Win 7/SolrNet 0.4.0/C# winforms .net 4.0 client.

I am using Solrnet and a winforms threaded application to write multiple Bitmaps and some mathematical descriptors to a Solr instance (on a different server). The interesting thing is solr.Add method seems to slow down the app significantly. i.e. if I comment out the add & commit methods, the CPU utilization jumps to 90% or so, but with them working, CPU utilization is about 20% - however appears the docs are being written to Solr.

Is that expected behavior? would the Solr writes be the bottleneck? How can I get around that?
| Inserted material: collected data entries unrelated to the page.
(* Let $k$ be a field of characteristic $0$, $L/k$ a field extension, $S\in\mathbf{Fam}_L$ with data $a,b,t_0\in L$, and let $\{\mathcal{T}_\gamma\}$ be the one-parameter family of trisections described in the context. Let $R=(x_R,y_R,t_R)\in\mathcal{E}$ with $t_R\neq t_0$. Then there exists a unique $\gamma\in L(x_R,y_R,t_R)$ such that $R\in\mathcal{T}_\gamma$. In particular, if $R$ is $L$-rational, there is $\gamma\in L$ with $R\in\mathcal{T}_\gamma$.
   Context: $S$ is a del Pezzo surface of degree one in $\mathbb{P}(2,3,1,1)$, coordinates $(X:Y:Z:W)$, given by $Y^2=X^3+F(Z,W)X+G(Z,W)$, $F,G\in k[Z,W]$ homogeneous of degrees $4,6$; $f(t)=F(t,1)$, $g(t)=G(t,1)$; $\mathcal{E}:y^2=x^3+f(t)x+g(t)$ is the rational elliptic surface obtained by blowing up the base point of $|-K_S|$. $S\in\mathbf{Fam}_L$ means there exist $a,b,t_0\in L$ with $t_0\neq0$, $at_0+b\neq0$, $f(t_0)\neq-(at_0+b)^4/3$, such that $t_0$ is a double root of $P(t)=-f(t)^2/4+(at+b)^4f(t)/6+(at+b)^2g(t)+(at+b)^8/108$. Let $Q=((at_0+b)^2/3,\ (at_0+b)^3/6+f(t_0)/(2(at_0+b)),\ t_0)$. For a parameter $\gamma$, $\mathcal{T}_\gamma\subset\mathcal{E}$ is the curve $y=axt+bx+c(\gamma)t^3+d(\gamma)t^2+e(\gamma)t+\gamma$, where $c(\gamma),d(\gamma),e(\gamma)$ are the coefficients, uniquely determined by $\gamma$, for which $\mathcal{T}_\gamma$ has a triple point at $Q$. *)

theory Defs
  imports "HOL-Computational_Algebra.Polynomial"
begin

definition is_subfield :: "'a::field set \<Rightarrow> bool" where
  "is_subfield K \<longleftrightarrow> 0 \<in> K \<and> 1 \<in> K \<and>
     (\<forall>x\<in>K. \<forall>y\<in>K. x + y \<in> K \<and> x * y \<in> K) \<and>
     (\<forall>x\<in>K. - x \<in> K) \<and> (\<forall>x\<in>K. x \<noteq> 0 \<longrightarrow> inverse x \<in> K)"

definition field_adjoin :: "'a::field set \<Rightarrow> 'a set \<Rightarrow> 'a set" where
  "field_adjoin K S = \<Inter> {M. is_subfield M \<and> K \<union> S \<subseteq> M}"

definition on_E :: "'a::field poly \<Rightarrow> 'a poly \<Rightarrow> 'a \<Rightarrow> 'a \<Rightarrow> 'a \<Rightarrow> bool" where
  "on_E f g x y t \<longleftrightarrow> y ^ 2 = x ^ 3 + poly f t * x + poly g t"

definition P_poly :: "'a::field_char_0 poly \<Rightarrow> 'a poly \<Rightarrow> 'a \<Rightarrow> 'a \<Rightarrow> 'a poly" where
  "P_poly f g a b =
     (let u = [:b, a:] in
      smult (- 1 / 4) (f ^ 2) + smult (1 / 6) (u ^ 4 * f) + u ^ 2 * g + smult (1 / 108) (u ^ 8))"

definition Q_x :: "'a::field_char_0 \<Rightarrow> 'a \<Rightarrow> 'a \<Rightarrow> 'a" where
  "Q_x a b t0 = (a * t0 + b) ^ 2 / 3"

definition Q_y :: "'a::field_char_0 poly \<Rightarrow> 'a \<Rightarrow> 'a \<Rightarrow> 'a \<Rightarrow> 'a" where
  "Q_y f a b t0 = (a * t0 + b) ^ 3 / 6 + poly f t0 / (2 * (a * t0 + b))"

definition tri_cubic :: "'a::field \<Rightarrow> 'a \<Rightarrow> 'a \<Rightarrow> 'a \<Rightarrow> 'a poly" where
  "tri_cubic c d e \<gamma> = [:\<gamma>, e, d, c:]"

text \<open>The curve E \<inter> {y = (at+b)x + p(t)} is (via the graph map) the plane curve H(x,t) = 0 with
  H = ((at+b)x + p(t))^2 - x^3 - f(t) x - g(t); we represent H as a polynomial in x whose
  coefficients are polynomials in t.\<close>

definition tri_H :: "'a::field poly \<Rightarrow> 'a poly \<Rightarrow> 'a \<Rightarrow> 'a \<Rightarrow> 'a poly \<Rightarrow> 'a poly poly" where
  "tri_H f g a b p = (let u = [:b, a:] in [: p ^ 2 - g, smult 2 (u * p) - f, u ^ 2, - 1 :])"

text \<open>Multiplicity at least m at (x0,t0) of the plane curve given by H: after translating
  (x0,t0) to the origin, every monomial x^i t^j of total degree i + j < m has coefficient 0.\<close>

definition mult_at_least ::
    "nat \<Rightarrow> 'a::field poly poly \<Rightarrow> 'a \<Rightarrow> 'a \<Rightarrow> bool" where
  "mult_at_least m H x0 t0 \<longleftrightarrow>
     (let Hs = map_poly (\<lambda>q. pcompose q [:t0, 1:]) (pcompose H [:[:x0:], 1:])
      in \<forall>i j. i + j < m \<longrightarrow> coeff (coeff Hs i) j = 0)"

definition triple_at_Q ::
    "'a::field_char_0 poly \<Rightarrow> 'a poly \<Rightarrow> 'a \<Rightarrow> 'a \<Rightarrow> 'a \<Rightarrow> 'a \<Rightarrow> 'a \<Rightarrow> 'a \<Rightarrow> 'a \<Rightarrow> bool" where
  "triple_at_Q f g a b t0 c d e \<gamma> \<longleftrightarrow>
     Q_y f a b t0 = (a * t0 + b) * Q_x a b t0 + poly (tri_cubic c d e \<gamma>) t0 \<and>
     mult_at_least 3 (tri_H f g a b (tri_cubic c d e \<gamma>)) (Q_x a b t0) t0"

definition on_T ::
    "'a::field_char_0 poly \<Rightarrow> 'a poly \<Rightarrow> 'a \<Rightarrow> 'a \<Rightarrow> 'a \<Rightarrow> 'a \<Rightarrow> 'a \<Rightarrow> 'a \<Rightarrow> 'a \<Rightarrow> bool" where
  "on_T f g a b t0 \<gamma> x y t \<longleftrightarrow>
     on_E f g x y t \<and>
     (\<exists>c d e. triple_at_Q f g a b t0 c d e \<gamma> \<and>
        y = a * x * t + b * x + c * t ^ 3 + d * t ^ 2 + e * t + \<gamma>)"

end

theory Submission
  imports Defs
begin

text \<open>Write T_gamma as y = Y(x, t) = (at+b)x + p(t) with the cubic p, and let
  H = Y^2 - x^3 - f x - g. Given Y(Q_x, t0) = Q_y, four of the six Taylor conditions for a triple
  point of H = 0 at Q hold automatically: the pure x-derivatives vanish by the choice of Q_x and
  Q_y, H vanishes because Q lies on E, which is P(t0) = 0, and the mixed derivative vanishes
  because P'(t0) = 0. The remaining two say that t \<mapsto> Y(Q_x, t) agrees to second order at t0
  with y along the curve x = Q_x of E. So the triple point condition prescribes the 2-jet of p at
  t0, and a cubic with prescribed 2-jet at t0 is determined by its value at any other point tR:
  passing through R fixes p, hence gamma = p(0), as an explicit rational expression in the data
  and the coordinates of R.\<close>

lemma subfield_add: "is_subfield M \<Longrightarrow> x \<in> M \<Longrightarrow> y \<in> M \<Longrightarrow> x + y \<in> M"
  and subfield_mult: "is_subfield M \<Longrightarrow> x \<in> M \<Longrightarrow> y \<in> M \<Longrightarrow> x * y \<in> M"
  and subfield_uminus: "is_subfield M \<Longrightarrow> x \<in> M \<Longrightarrow> - x \<in> M"
  and subfield_inverse: "is_subfield M \<Longrightarrow> x \<in> M \<Longrightarrow> inverse x \<in> M"
  unfolding is_subfield_def by (auto simp del: inverse_zero) (metis inverse_zero)

lemma subfield_diff: "is_subfield M \<Longrightarrow> x \<in> M \<Longrightarrow> y \<in> M \<Longrightarrow> x - y \<in> M"
  by (metis diff_conv_add_uminus subfield_add subfield_uminus)

lemma subfield_divide: "is_subfield M \<Longrightarrow> x \<in> M \<Longrightarrow> y \<in> M \<Longrightarrow> x / y \<in> M"
  by (metis divide_inverse subfield_mult subfield_inverse)

lemma subfield_power: "is_subfield M \<Longrightarrow> x \<in> M \<Longrightarrow> x ^ n \<in> M"
  by (induction n) (auto simp: is_subfield_def)

lemma subfield_of_nat: "is_subfield M \<Longrightarrow> of_nat n \<in> M"
  by (induction n) (auto simp: is_subfield_def)

lemma subfield_numeral: "is_subfield M \<Longrightarrow> numeral n \<in> M"
  by (metis of_nat_numeral subfield_of_nat)

lemmas subfield_closed =
  subfield_add subfield_mult subfield_uminus subfield_diff subfield_divide subfield_power
  subfield_numeral

lemma poly_in_subfield:
  assumes "is_subfield M" "\<forall>i. coeff q i \<in> M" "t \<in> M"
  shows "poly q t \<in> M"
  using assms(2)
proof (induction q)
  case 0
  show ?case using assms(1) by (simp add: is_subfield_def)
next
  case (pCons c q)
  have "c \<in> M" "\<forall>i. coeff q i \<in> M"
    using pCons.prems by (metis coeff_pCons_0, metis coeff_pCons_Suc)
  then show ?case using pCons.IH assms(1,3) by (simp add: subfield_closed)
qed

lemma coeff_pderiv_in_subfield:
  "is_subfield M \<Longrightarrow> \<forall>i. coeff q i \<in> M \<Longrightarrow> \<forall>i. coeff (pderiv q) i \<in> M"
  by (simp add: coeff_pderiv subfield_mult subfield_add subfield_of_nat is_subfield_def)

lemma is_subfield_field_adjoin: "is_subfield (field_adjoin K S)"
  unfolding field_adjoin_def is_subfield_def by auto

lemma field_adjoin_superset: "K \<union> S \<subseteq> field_adjoin K S"
  unfolding field_adjoin_def by auto

lemma field_adjoin_least: "is_subfield M \<Longrightarrow> K \<union> S \<subseteq> M \<Longrightarrow> field_adjoin K S \<subseteq> M"
  unfolding field_adjoin_def by auto

lemma root_and_pderiv_root_if_order_ge_2:
  fixes P :: "'a::field_char_0 poly"
  assumes "P \<noteq> 0" "order t0 P \<ge> 2"
  shows "poly P t0 = 0" "poly (pderiv P) t0 = 0"
proof -
  obtain R where R: "P = [:-t0, 1:] ^ 2 * R"
    using order_divides assms by (metis dvdE)
  show "poly P t0 = 0" using R by simp
  show "poly (pderiv P) t0 = 0" using R by (simp add: pderiv_mult pderiv_power pderiv_pCons)
qed

lemma taylor_coeff_0: "coeff (pcompose q [:t0, 1:]) 0 = poly q t0"
  by (simp add: poly_0_coeff_0[symmetric] poly_pcompose)

lemma pderiv_pcompose_shift:
  "pderiv (pcompose q [:t0, 1:]) = pcompose (pderiv q) [:t0::'a::field_char_0, 1:]"
  by (simp add: pderiv_pcompose pderiv_pCons)

lemma taylor_coeff_1:
  "coeff (pcompose q [:t0, 1:]) 1 = poly (pderiv q) (t0::'a::field_char_0)"
  by (metis coeff_pderiv of_nat_1 mult_1 One_nat_def pderiv_pcompose_shift taylor_coeff_0)

lemma taylor_coeff_2:
  "coeff (pcompose q [:t0, 1:]) 2 = poly (pderiv (pderiv q)) (t0::'a::field_char_0) / 2"
proof -
  have "coeff (pderiv (pcompose q [:t0, 1:])) 1 = 2 * coeff (pcompose q [:t0, 1:]) 2"
    by (simp add: coeff_pderiv numeral_2_eq_2)
  then show ?thesis
    using taylor_coeff_1[of "pderiv q" t0] by (simp add: pderiv_pcompose_shift algebra_simps)
qed

lemma coeff_pcompose_cubic_shift:
  fixes A0 A1 A2 A3 x0 :: "'a::comm_ring_1"
  shows "coeff (pcompose [:A0, A1, A2, A3:] [:x0, 1:]) 0 = A0 + x0 * A1 + x0^2 * A2 + x0^3 * A3"
    "coeff (pcompose [:A0, A1, A2, A3:] [:x0, 1:]) 1 = A1 + 2 * x0 * A2 + 3 * x0^2 * A3"
    "coeff (pcompose [:A0, A1, A2, A3:] [:x0, 1:]) 2 = A2 + 3 * x0 * A3"
  by (simp_all add: pcompose_pCons algebra_simps numeral_2_eq_2 power2_eq_square
      power3_eq_cube mult_pCons_left)

lemma all_degree_less_3_iff:
  "(\<forall>i j. i + j < (3::nat) \<longrightarrow> R i j) \<longleftrightarrow>
     R 0 0 \<and> R 0 1 \<and> R 0 2 \<and> R 1 0 \<and> R 1 1 \<and> R 2 0"
proof
  assume "R 0 0 \<and> R 0 1 \<and> R 0 2 \<and> R 1 0 \<and> R 1 1 \<and> R 2 0"
  moreover have "i + j < 3 \<Longrightarrow> (i, j) \<in> {(0, 0), (0, 1), (0, 2), (1, 0), (1, 1), (2, 0)}"
    for i j :: nat
    by auto
  ultimately show "\<forall>i j. i + j < 3 \<longrightarrow> R i j" by auto
qed auto

text \<open>With Y = (at+b)x + p(t), so that H = Y^2 - x^3 - f x - g, the six conjuncts are, up to
  constant factors, the Taylor coefficients of H at (x0, t0) of the monomials x^i t^j with
  (i, j) = (0,0), (0,1), (0,2), (1,0), (1,1), (2,0).\<close>

lemma mult_at_least_3_tri_H_iff:
  fixes f g p :: "'a::field_char_0 poly" and a b t0 x0 :: 'a
  defines "u \<equiv> a * t0 + b"
    and "Y0 \<equiv> (a * t0 + b) * x0 + poly p t0"
    and "Y1 \<equiv> a * x0 + poly (pderiv p) t0"
    and "Y2 \<equiv> poly (pderiv (pderiv p)) t0"
  shows "mult_at_least 3 (tri_H f g a b p) x0 t0 \<longleftrightarrow>
    Y0^2 = x0^3 + poly f t0 * x0 + poly g t0 \<and>
    2 * Y0 * Y1 = poly (pderiv f) t0 * x0 + poly (pderiv g) t0 \<and>
    2 * Y1^2 + 2 * Y0 * Y2 = poly (pderiv (pderiv f)) t0 * x0 + poly (pderiv (pderiv g)) t0 \<and>
    2 * u * Y0 = 3 * x0^2 + poly f t0 \<and>
    2 * a * Y0 + 2 * u * Y1 = poly (pderiv f) t0 \<and>
    u^2 = 3 * x0" (is "_ \<longleftrightarrow> ?jet_conditions")
proof -
  define Hx where "Hx = pcompose (tri_H f g a b p) [:[:x0:], 1:]"
  have "mult_at_least 3 (tri_H f g a b p) x0 t0 \<longleftrightarrow>
      (\<forall>i j. i + j < 3 \<longrightarrow> coeff (pcompose (coeff Hx i) [:t0, 1:]) j = 0)"
    unfolding mult_at_least_def Hx_def Let_def by (simp add: coeff_map_poly)
  also have "\<dots> \<longleftrightarrow> ?jet_conditions"
    unfolding all_degree_less_3_iff Hx_def tri_H_def Let_def coeff_pcompose_cubic_shift
      taylor_coeff_0 taylor_coeff_1 taylor_coeff_2 u_def Y0_def Y1_def Y2_def
    by (simp add: pderiv_add pderiv_mult pderiv_diff pderiv_pCons pderiv_smult
        power2_eq_square power3_eq_cube algebra_simps eq_neg_iff_add_eq_0)
  finally show ?thesis .
qed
            var doc = new IndexDocument
            {
                _UUID = Guid.NewGuid().ToString(),
                _FileName = (FileName),
             };

            //// Bitmap is not thread safe we Need to make a copy for each Task and done so synchronously.            
            Bitmap[] blobCopies = MakeBlobCopies(bmpBlob, 2);

            Task<List<KeyValuePair<string, double>>>[] descriptorTasks = new Task<List<KeyValuePair<string, double>>>[2];
            descriptorTasks[0] = Task.Factory.StartNew<List<KeyValuePair<string, double>>>(() => ApplyDescriptor1(blobCopies[0]));
            descriptorTasks[1] = Task.Factory.StartNew<List<KeyValuePair<string, double>>>(() => ApplyDescriptor2(blobCopies[1]));

            Task.WaitAll(descriptorTasks);
            foreach (var t in descriptorTasks)
            {
                List<KeyValuePair<string, double>> flds = t.Result;
                foreach (KeyValuePair<string, double> fld in flds)
                {
                    Type type = doc.GetType();
                    if (!String.IsNullOrEmpty(fld.Key))
                    {
                        SetPropertyValue(doc, fld.Key, fld.Value);
                    }
                }
            }

            DisposeBlobCopies(blobCopies);

            solr.Add(doc);
            solr.Commit();

Solution

  • The solr calls could be the bottleneck in your app as they are blocking io hits. Add and commit are 2 distinct calls to a restful api. I'm almost positive that solrnet does not have native support in their api to do async calls, but it looks like you know how to use the task parallel library. Make the calls non blocking and things should speed up. You may find it necessary to control the amount of concurrency.